OpenBiome is a new organization offering people the chance to make up to $13,000 a year selling their feces, while they assist advancing medical research.

Stool samples are frozen for transport, and placed within patients experiencing infections of the bacteria Clostridium difficile. This condition can result in painful abdominal cramps, which can often keep patients housebound for periods of time. Treatment with antibiotics can be effective in the short term, but the bacteria often return en masse after treatment ceases.

Healthy fecal matter is transplanted into infected patients through nasal tubes, the use of flexible tube inside the intestine, or through consumption of a pill. Finding poop donors has been tough for organizations working to provide treatment for patients suffering from C. difficile infections (CDI).

OpenBiome pays donors $40 per sample, plus a $50 bonus for those who donate five times a week. A person providing samples five days a week could earn $13,000 a year from the company. However, an extensive medical screening is required for potential donors. Of the first 1,000 people to apply to the program, just 40 met the requirements.

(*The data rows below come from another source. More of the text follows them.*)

lemma prob_vec_expectation_bounds:
  assumes "prob_vec W x" and "\<And>y. a \<le> f y \<and> f y \<le> b"
  shows "a \<le> (\<Sum>y\<in>UNIV. W x y * f y) \<and> (\<Sum>y\<in>UNIV. W x y * f y) \<le> b"
proof -
  have W: "0 \<le> W x y" "(\<Sum>y\<in>UNIV. W x y) = 1" for y
    using assms(1) unfolding prob_vec_def by auto
  have "(\<Sum>y\<in>UNIV. W x y * a) \<le> (\<Sum>y\<in>UNIV. W x y * f y)"
    "(\<Sum>y\<in>UNIV. W x y * f y) \<le> (\<Sum>y\<in>UNIV. W x y * b)"
    using assms(2) W(1) by (auto intro!: sum_mono mult_left_mono)
  moreover have "(\<Sum>y\<in>UNIV. W x y * c) = c" for c
    using W(2) by (simp flip: sum_distrib_right)
  ultimately show ?thesis
    by simp
qed

definition words :: "'a set \<Rightarrow> nat \<Rightarrow> 'a list set" where
  "words A n = {xs. set xs \<subseteq> A \<and> length xs = n}"

lemma finite_words: "finite A \<Longrightarrow> finite (words A n)"
  unfolding words_def by (rule finite_lists_length_eq)

lemma card_words: "finite A \<Longrightarrow> card (words A n) = card A ^ n"
  unfolding words_def by (rule card_lists_length_eq)

lemma sum_words_Suc:
  "(\<Sum>xs\<in>words A (Suc n). f xs) = (\<Sum>a\<in>A. \<Sum>xs\<in>words A n. f (a # xs))"
proof -
  have eq: "words A (Suc n) = (\<lambda>(a, xs). a # xs) ` (A \<times> words A n)"
    unfolding words_def by (auto simp: image_iff length_Suc_conv)
  have inj: "inj_on (\<lambda>(a, xs). a # xs) (A \<times> words A n)"
    by (auto simp: inj_on_def)
  show ?thesis
    unfolding eq by (subst sum.reindex[OF inj]) (simp add: sum.cartesian_product case_prod_beta)
qed

lemma sum_lists_length_Suc:
  "(\<Sum>ys | length ys = Suc n. f ys) = (\<Sum>y\<in>UNIV. \<Sum>ys | length ys = n. f (y # ys))"
  using sum_words_Suc[where A = UNIV] by (simp add: words_def)

lemma Wseq_Nil: "Wseq W [] ys = 1"
  unfolding Wseq_def by simp

lemma Wseq_Cons: "Wseq W (x # xs) (y # ys) = W x y * Wseq W xs ys"
  unfolding Wseq_def by (simp del: prod.lessThan_Suc add: prod.lessThan_Suc_shift)

lemma Wseq_nonneg: "\<forall>x\<in>set xs. prob_vec W x \<Longrightarrow> 0 \<le> Wseq W xs ys"
  unfolding Wseq_def prob_vec_def by (auto intro!: prod_nonneg)

lemma sum_Wseq:
  fixes W :: "'a \<Rightarrow> 'b::finite \<Rightarrow> real"
  assumes "\<forall>x\<in>set xs. prob_vec W x"
  shows "(\<Sum>ys | length ys = length xs. Wseq W xs ys) = 1"
  using assms
proof (induction xs)
  case Nil
  then show ?case by (simp add: Wseq_Nil)
next
  case (Cons x xs)
  have "(\<Sum>ys | length ys = length (x # xs). Wseq W (x # xs) ys)
      = (\<Sum>y\<in>UNIV. W x y * (\<Sum>ys | length ys = length xs. Wseq W xs ys))"
    by (simp add: sum_lists_length_Suc Wseq_Cons sum_distrib_left)
  also have "\<dots> = 1"
    using Cons by (simp add: prob_vec_def)
  finally show ?case .
qed

lemma Wset_all_words:
  fixes W :: "'a \<Rightarrow> 'b::finite \<Rightarrow> real"
  assumes "\<forall>x\<in>set xs. prob_vec W x"
  shows "Wset W xs {ys. length ys = length xs} = 1"
  unfolding Wset_def by (rule sum_Wseq[OF assms])

lemma sum_Wseq_additive:
  fixes W :: "'a \<Rightarrow> 'b::finite \<Rightarrow> real"
  assumes "\<forall>x\<in>set xs. prob_vec W x"
  shows "(\<Sum>ys | length ys = length xs. Wseq W xs ys * (\<Sum>i<length xs. h i (ys ! i)))
     = (\<Sum>i<length xs. \<Sum>y\<in>UNIV. W (xs ! i) y * h i y)"
  using assms
proof (induction xs arbitrary: h)
  case Nil
  then show ?case by simp
next
  case (Cons x xs)
  let ?L = "{ys::'b list. length ys = length xs}"
  have tot: "(\<Sum>ys\<in>?L. Wseq W xs ys) = 1"
    using Cons.prems sum_Wseq by auto
  have IH: "(\<Sum>ys\<in>?L. Wseq W xs ys * (\<Sum>i<length xs. h (Suc i) (ys ! i)))
     = (\<Sum>i<length xs. \<Sum>y\<in>UNIV. W (xs ! i) y * h (Suc i) y)"
    using Cons by auto
  have "(\<Sum>ys | length ys = length (x # xs). Wseq W (x # xs) ys * (\<Sum>i<length (x # xs). h i (ys ! i)))
      = (\<Sum>y\<in>UNIV. \<Sum>ys\<in>?L. W x y * Wseq W xs ys * (h 0 y + (\<Sum>i<length xs. h (Suc i) (ys ! i))))"
    by (simp del: sum.lessThan_Suc add: sum_lists_length_Suc Wseq_Cons sum.lessThan_Suc_shift)
  also have "\<dots> = (\<Sum>y\<in>UNIV. W x y * h 0 y * (\<Sum>ys\<in>?L. Wseq W xs ys)
      + W x y * (\<Sum>ys\<in>?L. Wseq W xs ys * (\<Sum>i<length xs. h (Suc i) (ys ! i))))"
    by (simp add: algebra_simps sum.distrib sum_distrib_left)
  also have "\<dots> = (\<Sum>y\<in>UNIV. W x y * h 0 y)
      + (\<Sum>y\<in>UNIV. W x y) * (\<Sum>i<length xs. \<Sum>y\<in>UNIV. W (xs ! i) y * h (Suc i) y)"
    by (simp add: tot IH sum.distrib sum_distrib_right)
  also have "\<dots> = (\<Sum>i<length (x # xs). \<Sum>y\<in>UNIV. W ((x # xs) ! i) y * h i y)"
    using Cons.prems by (simp del: sum.lessThan_Suc add: prob_vec_def sum.lessThan_Suc_shift)
  finally show ?case .
qed

lemma sum_Wseq_additive_centred_square:
  fixes W :: "'a \<Rightarrow> 'b::finite \<Rightarrow> real"
  assumes "\<forall>x\<in>set xs. prob_vec W x"
    and "\<forall>i<length xs. (\<Sum>y\<in>UNIV. W (xs ! i) y * k i y) = 0"
  shows "(\<Sum>ys | length ys = length xs. Wseq W xs ys * (\<Sum>i<length xs. k i (ys ! i))\<^sup>2)
     = (\<Sum>i<length xs. \<Sum>y\<in>UNIV. W (xs ! i) y * (k i y)\<^sup>2)"
  using assms
proof (induction xs arbitrary: k)
  case Nil
  then show ?case by simp
next
  case (Cons x xs)
  let ?L = "{ys::'b list. length ys = length xs}"
  let ?S = "\<lambda>ys. \<Sum>i<length xs. k (Suc i) (ys ! i)"
  have centred: "\<forall>i<length xs. (\<Sum>y\<in>UNIV. W (xs ! i) y * k (Suc i) y) = 0"
    using Cons.prems(2) by auto
  have tot: "(\<Sum>ys\<in>?L. Wseq W xs ys) = 1"
    using Cons.prems sum_Wseq by auto
  have mean: "(\<Sum>ys\<in>?L. Wseq W xs ys * ?S ys) = 0"
    using sum_Wseq_additive[of xs W "\<lambda>i. k (Suc i)"] centred Cons.prems by auto
  have IH: "(\<Sum>ys\<in>?L. Wseq W xs ys * (?S ys)\<^sup>2)
     = (\<Sum>i<length xs. \<Sum>y\<in>UNIV. W (xs ! i) y * (k (Suc i) y)\<^sup>2)"
    using Cons.IH[of "\<lambda>i. k (Suc i)"] centred Cons.prems by auto
  have "(\<Sum>ys | length ys = length (x # xs). Wseq W (x # xs) ys * (\<Sum>i<length (x # xs). k i (ys ! i))\<^sup>2)
      = (\<Sum>y\<in>UNIV. \<Sum>ys\<in>?L. W x y * Wseq W xs ys * (k 0 y + ?S ys)\<^sup>2)"
    by (simp del: sum.lessThan_Suc add: sum_lists_length_Suc Wseq_Cons sum.lessThan_Suc_shift)
  also have "\<dots> = (\<Sum>y\<in>UNIV. W x y * (k 0 y)\<^sup>2 * (\<Sum>ys\<in>?L. Wseq W xs ys)
      + 2 * W x y * k 0 y * (\<Sum>ys\<in>?L. Wseq W xs ys * ?S ys)
      + W x y * (\<Sum>ys\<in>?L. Wseq W xs ys * (?S ys)\<^sup>2))"
    by (simp add: power2_eq_square algebra_simps sum.distrib sum_distrib_left)
  also have "\<dots> = (\<Sum>y\<in>UNIV. W x y * (k 0 y)\<^sup>2)
      + (\<Sum>y\<in>UNIV. W x y) * (\<Sum>i<length xs. \<Sum>y\<in>UNIV. W (xs ! i) y * (k (Suc i) y)\<^sup>2)"
    by (simp add: tot IH mean sum.distrib sum_distrib_right)
  also have "\<dots> = (\<Sum>i<length (x # xs). \<Sum>y\<in>UNIV. W ((x # xs) ! i) y * (k i y)\<^sup>2)"
    using Cons.prems by (simp del: sum.lessThan_Suc add: prob_vec_def sum.lessThan_Suc_shift)
  finally show ?case .
qed

lemma sum_Wseq_additive_variance_le:
  fixes W :: "'a \<Rightarrow> 'b::finite \<Rightarrow> real"
    and B :: real
  assumes xs: "\<forall>x\<in>set xs. prob_vec W x" and h: "\<And>i y. i < length xs \<Longrightarrow> - B \<le> h i y \<and> h i y \<le> 0"
  shows "(\<Sum>ys | length ys = length xs. Wseq W xs ys *
           ((\<Sum>i<length xs. h i (ys ! i)) - (\<Sum>i<length xs. \<Sum>y\<in>UNIV. W (xs ! i) y * h i y))\<^sup>2)
         \<le> length xs * B\<^sup>2"
proof -
  let ?n = "length xs"
  define m where "m i = (\<Sum>y\<in>UNIV. W (xs ! i) y * h i y)" for i
  have pv: "prob_vec W (xs ! i)" if "i < ?n" for i
    using xs that by auto
  have m: "- B \<le> m i \<and> m i \<le> 0" if "i < ?n" for i
    unfolding m_def using prob_vec_expectation_bounds[OF pv[OF that], of "- B" "h i" 0] h[OF that] by simp
  have centred: "\<forall>i<?n. (\<Sum>y\<in>UNIV. W (xs ! i) y * (h i y - m i)) = 0"
  proof (intro allI impI)
    fix i
    assume i: "i < ?n"
    have "(\<Sum>y\<in>UNIV. W (xs ! i) y * (h i y - m i)) = m i - (\<Sum>y\<in>UNIV. W (xs ! i) y) * m i"
      unfolding m_def by (simp add: right_diff_distrib sum_subtractf sum_distrib_right)
    then show "(\<Sum>y\<in>UNIV. W (xs ! i) y * (h i y - m i)) = 0"
      using pv[OF i] unfolding prob_vec_def by simp
  qed
  have "(\<Sum>ys | length ys = ?n. Wseq W xs ys * ((\<Sum>i<?n. h i (ys ! i)) - (\<Sum>i<?n. m i))\<^sup>2)
      = (\<Sum>ys | length ys = ?n. Wseq W xs ys * (\<Sum>i<?n. h i (ys ! i) - m i)\<^sup>2)"
    by (simp add: sum_subtractf)
  also have "\<dots> = (\<Sum>i<?n. \<Sum>y\<in>UNIV. W (xs ! i) y * (h i y - m i)\<^sup>2)"
    by (rule sum_Wseq_additive_centred_square[OF xs centred])
  also have "\<dots> \<le> (\<Sum>i<?n. B\<^sup>2)"
  proof (rule sum_mono)
    fix i
    assume "i \<in> {..<?n}"
    then have i: "i < ?n"
      by simp
    have "\<bar>h i y - m i\<bar> \<le> \<bar>B\<bar>" for y
      using h[OF i, of y] m[OF i] by linarith
    then have "0 \<le> (h i y - m i)\<^sup>2 \<and> (h i y - m i)\<^sup>2 \<le> B\<^sup>2" for y
      by (simp only: abs_le_square_iff zero_le_power2 simp_thms)
    then show "(\<Sum>y\<in>UNIV. W (xs ! i) y * (h i y - m i)\<^sup>2) \<le> B\<^sup>2"
      using prob_vec_expectation_bounds[OF pv[OF i], of 0 "\<lambda>y. (h i y - m i)\<^sup>2" "B\<^sup>2"] by simp
  qed
  finally show ?thesis
    unfolding m_def by simp
qed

"However hundreds of treatments in many independent institutions, fecal transplantation, which reconstitutes the healthy gut community, has been shown to cure over 90% of the most recalcitrant C. difficile cases that had previously failed standard antibiotic therapy," OpenBiome managers wrote on their Web site.

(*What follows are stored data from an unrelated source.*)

(* Let $G=(V,E)$ be a 2-tree. Then $G$ contains no split independent set; that is, there is no set $S\subseteq V$ such that $S$ is independent in $G$ and the induced subgraph $\langle V\setminus S\rangle$ is either disconnected or isomorphic to $K_1$.
   Context: All graphs are finite, simple (no loops or multiple edges) and undirected. A 2-tree is a graph obtained from the triangle $K_3$ by repeatedly adding a new vertex adjacent to exactly the two endpoints of some existing edge. For $X\subseteq V$, $\langle X\rangle$ denotes the subgraph of $G$ induced by $X$. A set $S\subseteq V$ is a split independent set if $S$ is independent (no two vertices of $S$ are adjacent) and $\langle V\setminus S\rangle$ is either disconnected or a $K_1$. *)

theory Defs
  imports Main
begin

text \<open>A finite simple graph is given by a vertex set V and a set E of
  2-element subsets of V (undirected edges, no loops).\<close>

inductive two_tree :: "'a set \<Rightarrow> 'a set set \<Rightarrow> bool" where
  triangle: "a \<noteq> b \<Longrightarrow> b \<noteq> c \<Longrightarrow> a \<noteq> c \<Longrightarrow>
     two_tree {a, b, c} {{a, b}, {b, c}, {a, c}}"
| add_vertex: "two_tree V E \<Longrightarrow> {u, w} \<in> E \<Longrightarrow> v \<notin> V \<Longrightarrow>
     two_tree (insert v V) (E \<union> {{v, u}, {v, w}})"

definition independent_set :: "'a set set \<Rightarrow> 'a set \<Rightarrow> bool" where
  "independent_set E S \<longleftrightarrow> (\<forall>x\<in>S. \<forall>y\<in>S. {x, y} \<notin> E)"

definition induced_adj :: "'a set set \<Rightarrow> 'a set \<Rightarrow> 'a \<Rightarrow> 'a \<Rightarrow> bool" where
  "induced_adj E X x y \<longleftrightarrow> x \<in> X \<and> y \<in> X \<and> {x, y} \<in> E"

definition induced_disconnected :: "'a set set \<Rightarrow> 'a set \<Rightarrow> bool" where
  "induced_disconnected E X \<longleftrightarrow>
     (\<exists>x\<in>X. \<exists>y\<in>X. \<not> (induced_adj E X)\<^sup>*\<^sup>* x y)"

definition split_independent_set :: "'a set \<Rightarrow> 'a set set \<Rightarrow> 'a set \<Rightarrow> bool" where
  "split_independent_set V E S \<longleftrightarrow>
     S \<subseteq> V \<and> independent_set E S \<and>
     (induced_disconnected E (V - S) \<or> card (V - S) = 1)"

end

theory Submission
  imports Defs
begin

text \<open>Deleting an independent set S from a 2-tree leaves a connected graph, by induction along
  the construction: a new vertex v either lies in S, and removing it changes nothing, or it
  survives together with at least one end of its base edge, because those two ends are adjacent
  and so cannot both lie in S. And V - S is never a single vertex, since S contains at most one
  vertex of any triangle.\<close>

definition induced_connected :: "'a set set \<Rightarrow> 'a set \<Rightarrow> bool" where
  "induced_connected E X \<longleftrightarrow> (\<forall>x\<in>X. \<forall>y\<in>X. (induced_adj E X)\<^sup>*\<^sup>* x y)"

lemma induced_adj_rtranclp_mono:
  assumes "(induced_adj E X)\<^sup>*\<^sup>* x y" "E \<subseteq> E'" "X \<subseteq> X'"
  shows "(induced_adj E' X')\<^sup>*\<^sup>* x y"
  using assms(1)
proof (induction rule: rtranclp_induct)
  case (step y z)
  then have "induced_adj E' X' y z" using assms(2,3) by (auto simp: induced_adj_def)
  with step.IH show ?case by simp
qed simp

lemma induced_connected_mono_edges:
  "induced_connected E X \<Longrightarrow> E \<subseteq> E' \<Longrightarrow> induced_connected E' X"
  unfolding induced_connected_def by (metis induced_adj_rtranclp_mono order_refl)

lemma induced_connected_insert:
  assumes conn: "induced_connected E X" and t: "t \<in> X" "{v, t} \<in> E"
  shows "induced_connected E (insert v X)"
proof -
  let ?R = "induced_adj E (insert v X)"
  have reach_X: "?R\<^sup>*\<^sup>* x y" if "x \<in> X" "y \<in> X" for x y
  proof -
    have "(induced_adj E X)\<^sup>*\<^sup>* x y" using conn that unfolding induced_connected_def by simp
    then show ?thesis by (rule induced_adj_rtranclp_mono) auto
  qed
  have "{t, v} \<in> E" using t(2) by (simp add: insert_commute)
  with t have "?R v t" "?R t v" unfolding induced_adj_def by simp_all
  have hub: "?R\<^sup>*\<^sup>* z t \<and> ?R\<^sup>*\<^sup>* t z" if "z \<in> insert v X" for z
  proof (cases "z = v")
    case True
    with \<open>?R v t\<close> \<open>?R t v\<close> show ?thesis by (simp add: r_into_rtranclp)
  next
    case False
    with that have "z \<in> X" by simp
    with reach_X t(1) show ?thesis by simp
  qed
  show ?thesis unfolding induced_connected_def
  proof (intro ballI)
    fix x y assume "x \<in> insert v X" "y \<in> insert v X"
    with hub have "?R\<^sup>*\<^sup>* x t" "?R\<^sup>*\<^sup>* t y" by simp_all
    then show "?R\<^sup>*\<^sup>* x y" by (rule rtranclp_trans)
  qed
qed

lemma induced_connected_complete:
  assumes "\<And>x y. x \<in> X \<Longrightarrow> y \<in> X \<Longrightarrow> x \<noteq> y \<Longrightarrow> {x, y} \<in> E"
  shows "induced_connected E X"
  unfolding induced_connected_def
proof (intro ballI)
  fix x y assume "x \<in> X" "y \<in> X"
  then show "(induced_adj E X)\<^sup>*\<^sup>* x y"
    using assms by (cases "x = y") (simp_all add: induced_adj_def r_into_rtranclp)
qed

lemma induced_connected_iff_not_disconnected:
  "induced_connected E X \<longleftrightarrow> \<not> induced_disconnected E X"
  unfolding induced_connected_def induced_disconnected_def by simp

lemma two_tree_edge_subset: "two_tree V E \<Longrightarrow> e \<in> E \<Longrightarrow> e \<subseteq> V"
  by (induction arbitrary: e rule: two_tree.induct) auto

lemma two_tree_has_triangle:
  "two_tree V E \<Longrightarrow> \<exists>a\<in>V. \<exists>b\<in>V. \<exists>c\<in>V. a \<noteq> b \<and> b \<noteq> c \<and> a \<noteq> c
     \<and> {a, b} \<in> E \<and> {b, c} \<in> E \<and> {a, c} \<in> E"
  by (induction rule: two_tree.induct) blast+

lemma two_tree_induced_connected_diff_independent:
  "two_tree V E \<Longrightarrow> independent_set E S \<Longrightarrow> induced_connected E (V - S)"
proof (induction arbitrary: S rule: two_tree.induct)
  case (triangle a b c)
  show ?case
    by (rule induced_connected_complete) (auto simp: insert_commute)
next
  case (add_vertex V E u w v)
  let ?E' = "E \<union> {{v, u}, {v, w}}"
  have "independent_set E (S - {v})"
    using add_vertex.prems by (auto simp: independent_set_def)
  with add_vertex.IH have conn: "induced_connected ?E' (V - (S - {v}))"
    by (metis induced_connected_mono_edges Un_upper1)
  show ?case
  proof (cases "v \<in> S")
    case True
    then have "insert v V - S = V - (S - {v})" using add_vertex.hyps(3) by auto
    with conn show ?thesis by simp
  next
    case False
    then have split: "insert v V - S = insert v (V - (S - {v}))" by auto
    have "u \<in> V" "w \<in> V" using two_tree_edge_subset[OF add_vertex.hyps(1,2)] by auto
    moreover have "u \<notin> S \<or> w \<notin> S"
      using add_vertex.prems add_vertex.hyps(2) unfolding independent_set_def by blast
    ultimately obtain t where "t \<in> V - (S - {v})" "{v, t} \<in> ?E'" by blast
    with conn have "induced_connected ?E' (insert v (V - (S - {v})))"
      by (rule induced_connected_insert)
    with split show ?thesis by simp
  qed
qed

lemma two_tree_card_diff_independent:
  assumes "two_tree V E" and "independent_set E S"
  shows "card (V - S) \<noteq> 1"
proof
  assume "card (V - S) = 1"
  then obtain x where x: "V - S = {x}" by (auto simp: card_Suc_eq)
  obtain a b c where abc: "a \<in> V" "b \<in> V" "c \<in> V" "a \<noteq> b" "b \<noteq> c" "a \<noteq> c"
    and edges: "{a, b} \<in> E" "{b, c} \<in> E" "{a, c} \<in> E"
    using two_tree_has_triangle[OF assms(1)] by blast
  have "z \<in> S" if "z \<in> V" "z \<noteq> x" for z
    using x that by blast
  with abc have "(a \<in> S \<and> b \<in> S) \<or> (b \<in> S \<and> c \<in> S) \<or> (a \<in> S \<and> c \<in> S)"
    by metis
  with edges assms(2) show False unfolding independent_set_def by blast
qed

theorem mainTheorem1:
  fixes V :: "'a set" and E :: "'a set set"
  assumes "two_tree V E"
  shows "\<not> (\<exists>S. split_independent_set V E S)"
  using two_tree_induced_connected_diff_independent[OF assms]
    two_tree_card_diff_independent[OF assms]
  unfolding split_independent_set_def induced_connected_iff_not_disconnected
  by blast

end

Slightly less than two ounces of fecal matter is required to treat each patient, meaning an average donation usually helps three or four patients. Most donors, once they are accepted into the program, provide three or four samples every week to the program.

"[P]atients can get sick from C. difficile picked up from contaminated surfaces or spread from a health care provider's hands. Those most at risk are people, especially older adults, who take antibiotics and also get medical care," Centers for Disease Control and Prevention (CDC) officials wrote on their Web site.

OpenBiome managers claim that between 14,000 and 30,000 Americans die each year from CDI. The bacteria are found in soil, as well as animal droppings. Many people carry the bacteria in their systems, without showing symptoms of infection. Healthy people do not usually acquire infections of the bacteria, but antibiotics can kill healthy bacteria, providing C. difficile with a chance to take hold in the body.

"Everyone thinks it's great that they're making money doing such an easy thing. But they also love to hear us say, 'Look, your poop just helped this lady who's been sick for nine years go to her daughter's graduation,'" Carolyn Edelstein, co-founder of OpenBiome, said.